EXERCISE DESCRIPTION ::
Only the lines below starting at the one containing "(\<forall>x y z. r x y \<longrightarrow>" and ending at the one containing "w \<and> le" belong in the answer, each copied exactly.
━━━━━ MATERIAL FOR THIS TASK ━━━━━
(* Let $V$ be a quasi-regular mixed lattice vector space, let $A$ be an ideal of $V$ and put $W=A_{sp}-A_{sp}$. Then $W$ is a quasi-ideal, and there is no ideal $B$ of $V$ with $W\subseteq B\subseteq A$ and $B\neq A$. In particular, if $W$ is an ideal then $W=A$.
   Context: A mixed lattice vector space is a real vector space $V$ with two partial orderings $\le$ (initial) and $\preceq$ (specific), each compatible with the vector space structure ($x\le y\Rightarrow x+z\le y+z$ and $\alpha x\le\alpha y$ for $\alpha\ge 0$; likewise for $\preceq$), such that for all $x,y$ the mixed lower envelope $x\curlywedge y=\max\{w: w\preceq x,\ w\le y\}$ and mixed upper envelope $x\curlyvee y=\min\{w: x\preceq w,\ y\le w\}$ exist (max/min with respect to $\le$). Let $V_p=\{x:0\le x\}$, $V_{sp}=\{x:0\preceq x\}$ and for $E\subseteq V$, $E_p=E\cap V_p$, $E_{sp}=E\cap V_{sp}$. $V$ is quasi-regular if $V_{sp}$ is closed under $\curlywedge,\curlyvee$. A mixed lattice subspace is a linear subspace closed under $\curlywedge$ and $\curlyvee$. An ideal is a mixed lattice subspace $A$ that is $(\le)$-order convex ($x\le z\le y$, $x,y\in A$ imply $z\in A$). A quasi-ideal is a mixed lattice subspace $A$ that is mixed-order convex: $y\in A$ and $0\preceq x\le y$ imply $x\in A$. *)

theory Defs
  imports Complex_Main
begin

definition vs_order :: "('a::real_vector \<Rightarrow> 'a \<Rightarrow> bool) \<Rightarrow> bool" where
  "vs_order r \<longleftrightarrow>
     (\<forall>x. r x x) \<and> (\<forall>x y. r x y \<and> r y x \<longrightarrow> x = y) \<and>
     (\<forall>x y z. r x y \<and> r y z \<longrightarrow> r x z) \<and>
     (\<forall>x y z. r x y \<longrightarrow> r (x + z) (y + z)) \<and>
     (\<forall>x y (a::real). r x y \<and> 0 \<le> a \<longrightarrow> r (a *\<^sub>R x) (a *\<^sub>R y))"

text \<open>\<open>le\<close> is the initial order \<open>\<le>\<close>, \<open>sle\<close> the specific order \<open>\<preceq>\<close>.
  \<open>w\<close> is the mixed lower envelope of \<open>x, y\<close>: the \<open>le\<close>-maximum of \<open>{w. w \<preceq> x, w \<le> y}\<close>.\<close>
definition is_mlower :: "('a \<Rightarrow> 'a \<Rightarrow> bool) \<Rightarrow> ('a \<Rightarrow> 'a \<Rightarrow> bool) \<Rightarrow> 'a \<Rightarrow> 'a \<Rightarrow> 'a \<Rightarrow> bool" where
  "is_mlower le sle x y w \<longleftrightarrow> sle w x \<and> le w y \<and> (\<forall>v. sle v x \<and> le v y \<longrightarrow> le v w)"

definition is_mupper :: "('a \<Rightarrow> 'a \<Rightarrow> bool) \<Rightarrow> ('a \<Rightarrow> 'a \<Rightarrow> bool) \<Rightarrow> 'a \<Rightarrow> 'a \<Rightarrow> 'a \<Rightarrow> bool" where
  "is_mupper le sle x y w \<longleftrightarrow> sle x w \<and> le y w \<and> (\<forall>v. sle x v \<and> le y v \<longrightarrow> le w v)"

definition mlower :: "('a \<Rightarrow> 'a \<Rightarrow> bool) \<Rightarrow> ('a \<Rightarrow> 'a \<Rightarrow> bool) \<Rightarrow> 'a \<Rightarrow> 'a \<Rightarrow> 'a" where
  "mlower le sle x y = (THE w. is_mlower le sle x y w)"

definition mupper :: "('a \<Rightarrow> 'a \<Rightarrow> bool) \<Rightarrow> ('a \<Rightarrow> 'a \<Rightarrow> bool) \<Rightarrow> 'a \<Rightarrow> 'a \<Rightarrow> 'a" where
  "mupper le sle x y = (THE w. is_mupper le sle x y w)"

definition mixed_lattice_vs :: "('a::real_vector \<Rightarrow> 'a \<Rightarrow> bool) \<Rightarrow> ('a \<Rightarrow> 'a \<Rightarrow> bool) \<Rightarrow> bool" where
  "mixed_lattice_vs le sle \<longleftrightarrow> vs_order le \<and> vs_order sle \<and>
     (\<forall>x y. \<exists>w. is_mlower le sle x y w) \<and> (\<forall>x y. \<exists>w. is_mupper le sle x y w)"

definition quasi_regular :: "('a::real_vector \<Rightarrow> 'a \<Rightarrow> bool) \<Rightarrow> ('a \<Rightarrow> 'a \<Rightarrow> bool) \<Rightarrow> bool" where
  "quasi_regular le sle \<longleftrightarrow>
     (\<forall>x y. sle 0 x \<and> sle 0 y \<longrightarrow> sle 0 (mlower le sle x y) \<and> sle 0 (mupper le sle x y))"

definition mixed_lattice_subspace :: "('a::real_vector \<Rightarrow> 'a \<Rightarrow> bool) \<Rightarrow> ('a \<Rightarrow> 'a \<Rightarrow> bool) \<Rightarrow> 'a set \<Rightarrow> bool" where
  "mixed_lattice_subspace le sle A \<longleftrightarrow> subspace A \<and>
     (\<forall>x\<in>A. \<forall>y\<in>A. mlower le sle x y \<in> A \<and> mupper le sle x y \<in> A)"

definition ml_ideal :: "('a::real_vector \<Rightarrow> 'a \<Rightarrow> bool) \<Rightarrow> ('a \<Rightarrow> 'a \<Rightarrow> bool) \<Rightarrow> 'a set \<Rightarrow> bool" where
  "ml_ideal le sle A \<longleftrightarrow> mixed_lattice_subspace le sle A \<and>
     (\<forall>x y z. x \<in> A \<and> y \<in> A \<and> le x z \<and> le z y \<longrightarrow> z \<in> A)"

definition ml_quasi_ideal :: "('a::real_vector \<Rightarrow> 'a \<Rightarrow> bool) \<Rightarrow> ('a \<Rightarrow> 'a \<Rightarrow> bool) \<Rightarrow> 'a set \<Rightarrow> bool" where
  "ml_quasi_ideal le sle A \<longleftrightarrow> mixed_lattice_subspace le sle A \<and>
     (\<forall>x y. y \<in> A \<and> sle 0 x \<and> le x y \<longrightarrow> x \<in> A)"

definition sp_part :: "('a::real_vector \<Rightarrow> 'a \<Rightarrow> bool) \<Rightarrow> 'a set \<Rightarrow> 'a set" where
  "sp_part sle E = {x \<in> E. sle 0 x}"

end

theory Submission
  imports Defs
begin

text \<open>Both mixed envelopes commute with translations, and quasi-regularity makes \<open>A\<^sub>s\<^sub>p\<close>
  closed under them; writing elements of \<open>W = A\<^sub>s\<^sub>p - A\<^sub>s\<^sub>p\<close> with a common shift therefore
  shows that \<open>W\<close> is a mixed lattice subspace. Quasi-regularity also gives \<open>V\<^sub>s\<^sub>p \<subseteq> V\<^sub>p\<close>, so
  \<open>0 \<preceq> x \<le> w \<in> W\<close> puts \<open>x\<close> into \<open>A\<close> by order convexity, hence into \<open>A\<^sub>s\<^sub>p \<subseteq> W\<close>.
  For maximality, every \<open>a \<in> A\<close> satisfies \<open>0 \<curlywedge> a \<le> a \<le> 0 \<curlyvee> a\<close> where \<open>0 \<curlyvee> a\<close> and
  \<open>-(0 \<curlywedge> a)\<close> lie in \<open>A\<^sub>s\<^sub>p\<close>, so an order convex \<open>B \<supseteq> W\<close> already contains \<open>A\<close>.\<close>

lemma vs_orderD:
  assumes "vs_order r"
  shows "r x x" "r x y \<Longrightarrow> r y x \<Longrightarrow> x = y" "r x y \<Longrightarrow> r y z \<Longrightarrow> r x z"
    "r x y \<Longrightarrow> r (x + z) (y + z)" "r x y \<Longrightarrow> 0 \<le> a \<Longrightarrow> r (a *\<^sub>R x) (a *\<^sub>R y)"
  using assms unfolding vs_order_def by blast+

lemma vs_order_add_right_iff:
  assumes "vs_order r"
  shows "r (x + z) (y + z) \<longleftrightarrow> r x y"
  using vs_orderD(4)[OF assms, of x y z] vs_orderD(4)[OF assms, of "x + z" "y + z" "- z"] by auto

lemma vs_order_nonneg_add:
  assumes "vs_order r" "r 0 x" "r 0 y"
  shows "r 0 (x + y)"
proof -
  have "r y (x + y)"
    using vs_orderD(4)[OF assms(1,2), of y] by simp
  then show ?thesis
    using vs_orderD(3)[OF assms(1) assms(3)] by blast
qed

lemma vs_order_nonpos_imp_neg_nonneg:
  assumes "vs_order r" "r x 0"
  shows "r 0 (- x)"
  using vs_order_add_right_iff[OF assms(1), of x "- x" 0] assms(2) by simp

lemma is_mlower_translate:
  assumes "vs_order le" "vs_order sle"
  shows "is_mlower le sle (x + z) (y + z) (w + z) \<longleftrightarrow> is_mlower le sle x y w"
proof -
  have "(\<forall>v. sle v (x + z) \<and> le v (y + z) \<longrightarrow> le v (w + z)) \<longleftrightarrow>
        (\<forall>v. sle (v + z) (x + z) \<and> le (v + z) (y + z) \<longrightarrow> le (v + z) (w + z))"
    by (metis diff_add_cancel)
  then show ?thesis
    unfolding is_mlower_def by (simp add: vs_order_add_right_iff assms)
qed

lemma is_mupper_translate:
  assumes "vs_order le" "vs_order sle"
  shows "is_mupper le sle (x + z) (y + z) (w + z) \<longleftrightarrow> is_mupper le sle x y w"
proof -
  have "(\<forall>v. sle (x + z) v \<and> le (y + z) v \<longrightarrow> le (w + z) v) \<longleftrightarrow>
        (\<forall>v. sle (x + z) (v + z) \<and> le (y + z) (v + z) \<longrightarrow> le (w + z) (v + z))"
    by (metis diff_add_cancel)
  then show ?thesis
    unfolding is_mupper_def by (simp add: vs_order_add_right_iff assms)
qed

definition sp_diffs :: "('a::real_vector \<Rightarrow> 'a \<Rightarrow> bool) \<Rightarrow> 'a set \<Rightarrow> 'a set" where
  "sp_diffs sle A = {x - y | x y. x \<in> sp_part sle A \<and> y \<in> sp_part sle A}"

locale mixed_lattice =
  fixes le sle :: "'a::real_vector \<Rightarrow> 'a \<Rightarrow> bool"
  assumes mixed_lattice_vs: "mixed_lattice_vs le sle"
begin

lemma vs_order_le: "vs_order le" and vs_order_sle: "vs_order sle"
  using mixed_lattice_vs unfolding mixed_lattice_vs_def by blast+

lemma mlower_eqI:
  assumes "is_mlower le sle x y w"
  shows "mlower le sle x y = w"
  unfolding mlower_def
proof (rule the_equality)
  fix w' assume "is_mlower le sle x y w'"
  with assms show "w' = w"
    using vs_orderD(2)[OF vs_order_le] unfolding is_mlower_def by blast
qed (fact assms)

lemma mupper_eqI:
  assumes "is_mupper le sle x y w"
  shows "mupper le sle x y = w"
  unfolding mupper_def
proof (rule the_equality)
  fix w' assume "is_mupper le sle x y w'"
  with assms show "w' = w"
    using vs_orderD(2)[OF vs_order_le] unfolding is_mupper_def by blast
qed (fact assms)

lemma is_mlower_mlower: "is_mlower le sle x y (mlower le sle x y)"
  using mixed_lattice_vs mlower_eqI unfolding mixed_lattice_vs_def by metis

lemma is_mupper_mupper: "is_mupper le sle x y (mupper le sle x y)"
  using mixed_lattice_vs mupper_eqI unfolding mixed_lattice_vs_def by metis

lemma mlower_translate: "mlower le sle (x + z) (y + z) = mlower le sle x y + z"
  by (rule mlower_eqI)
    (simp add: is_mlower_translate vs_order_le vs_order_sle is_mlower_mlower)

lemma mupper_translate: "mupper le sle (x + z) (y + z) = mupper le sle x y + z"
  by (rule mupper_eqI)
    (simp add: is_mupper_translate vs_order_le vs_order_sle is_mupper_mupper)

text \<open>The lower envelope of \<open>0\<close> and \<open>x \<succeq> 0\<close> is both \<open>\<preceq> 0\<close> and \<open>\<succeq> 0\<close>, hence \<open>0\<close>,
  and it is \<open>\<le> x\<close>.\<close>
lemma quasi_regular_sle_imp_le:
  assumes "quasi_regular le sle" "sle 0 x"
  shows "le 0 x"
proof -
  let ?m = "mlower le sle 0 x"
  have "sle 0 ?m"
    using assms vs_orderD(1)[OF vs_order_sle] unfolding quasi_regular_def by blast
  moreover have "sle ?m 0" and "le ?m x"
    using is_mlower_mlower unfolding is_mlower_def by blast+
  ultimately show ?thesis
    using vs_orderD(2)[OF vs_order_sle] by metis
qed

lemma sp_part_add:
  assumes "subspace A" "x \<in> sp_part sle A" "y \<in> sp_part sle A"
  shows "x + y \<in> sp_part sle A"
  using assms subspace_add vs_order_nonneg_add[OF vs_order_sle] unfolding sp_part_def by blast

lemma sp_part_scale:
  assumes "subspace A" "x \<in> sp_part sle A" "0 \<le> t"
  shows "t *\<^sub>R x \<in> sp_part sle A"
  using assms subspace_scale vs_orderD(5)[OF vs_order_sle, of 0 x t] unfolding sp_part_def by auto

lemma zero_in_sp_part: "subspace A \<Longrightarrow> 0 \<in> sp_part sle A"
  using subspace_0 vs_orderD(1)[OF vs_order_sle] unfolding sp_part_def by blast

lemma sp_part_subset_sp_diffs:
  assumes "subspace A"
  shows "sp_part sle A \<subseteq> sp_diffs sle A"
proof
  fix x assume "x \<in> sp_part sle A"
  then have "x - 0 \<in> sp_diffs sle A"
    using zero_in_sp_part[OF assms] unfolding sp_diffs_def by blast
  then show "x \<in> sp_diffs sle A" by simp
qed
━━━━━
ANSWER TO THE EXERCISE ::
     (\<forall>x y z. r x y \<longrightarrow> r (x + z) (y + z)) \<and>
     (\<forall>x y (a::real). r x y \<and> 0 \<le> a \<longrightarrow> r (a *\<^sub>R x) (a *\<^sub>R y))"

text \<open>\<open>le\<close> is the initial order \<open>\<le>\<close>, \<open>sle\<close> the specific order \<open>\<preceq>\<close>.
  \<open>w\<close> is the mixed lower envelope of \<open>x, y\<close>: the \<open>le\<close>-maximum of \<open>{w. w \<preceq> x, w \<le> y}\<close>.\<close>
definition is_mlower :: "('a \<Rightarrow> 'a \<Rightarrow> bool) \<Rightarrow> ('a \<Rightarrow> 'a \<Rightarrow> bool) \<Rightarrow> 'a \<Rightarrow> 'a \<Rightarrow> 'a \<Rightarrow> bool" where
  "is_mlower le sle x y w \<longleftrightarrow> sle w x \<and> le w y \<and> (\<forall>v. sle v x \<and> le v y \<longrightarrow> le v w)"

definition is_mupper :: "('a \<Rightarrow> 'a \<Rightarrow> bool) \<Rightarrow> ('a \<Rightarrow> 'a \<Rightarrow> bool) \<Rightarrow> 'a \<Rightarrow> 'a \<Rightarrow> 'a \<Rightarrow> bool" where
  "is_mupper le sle x y w \<longleftrightarrow> sle x w \<and> le y w \<and> (\<forall>v. sle x v \<and> le y v \<longrightarrow> le w v)"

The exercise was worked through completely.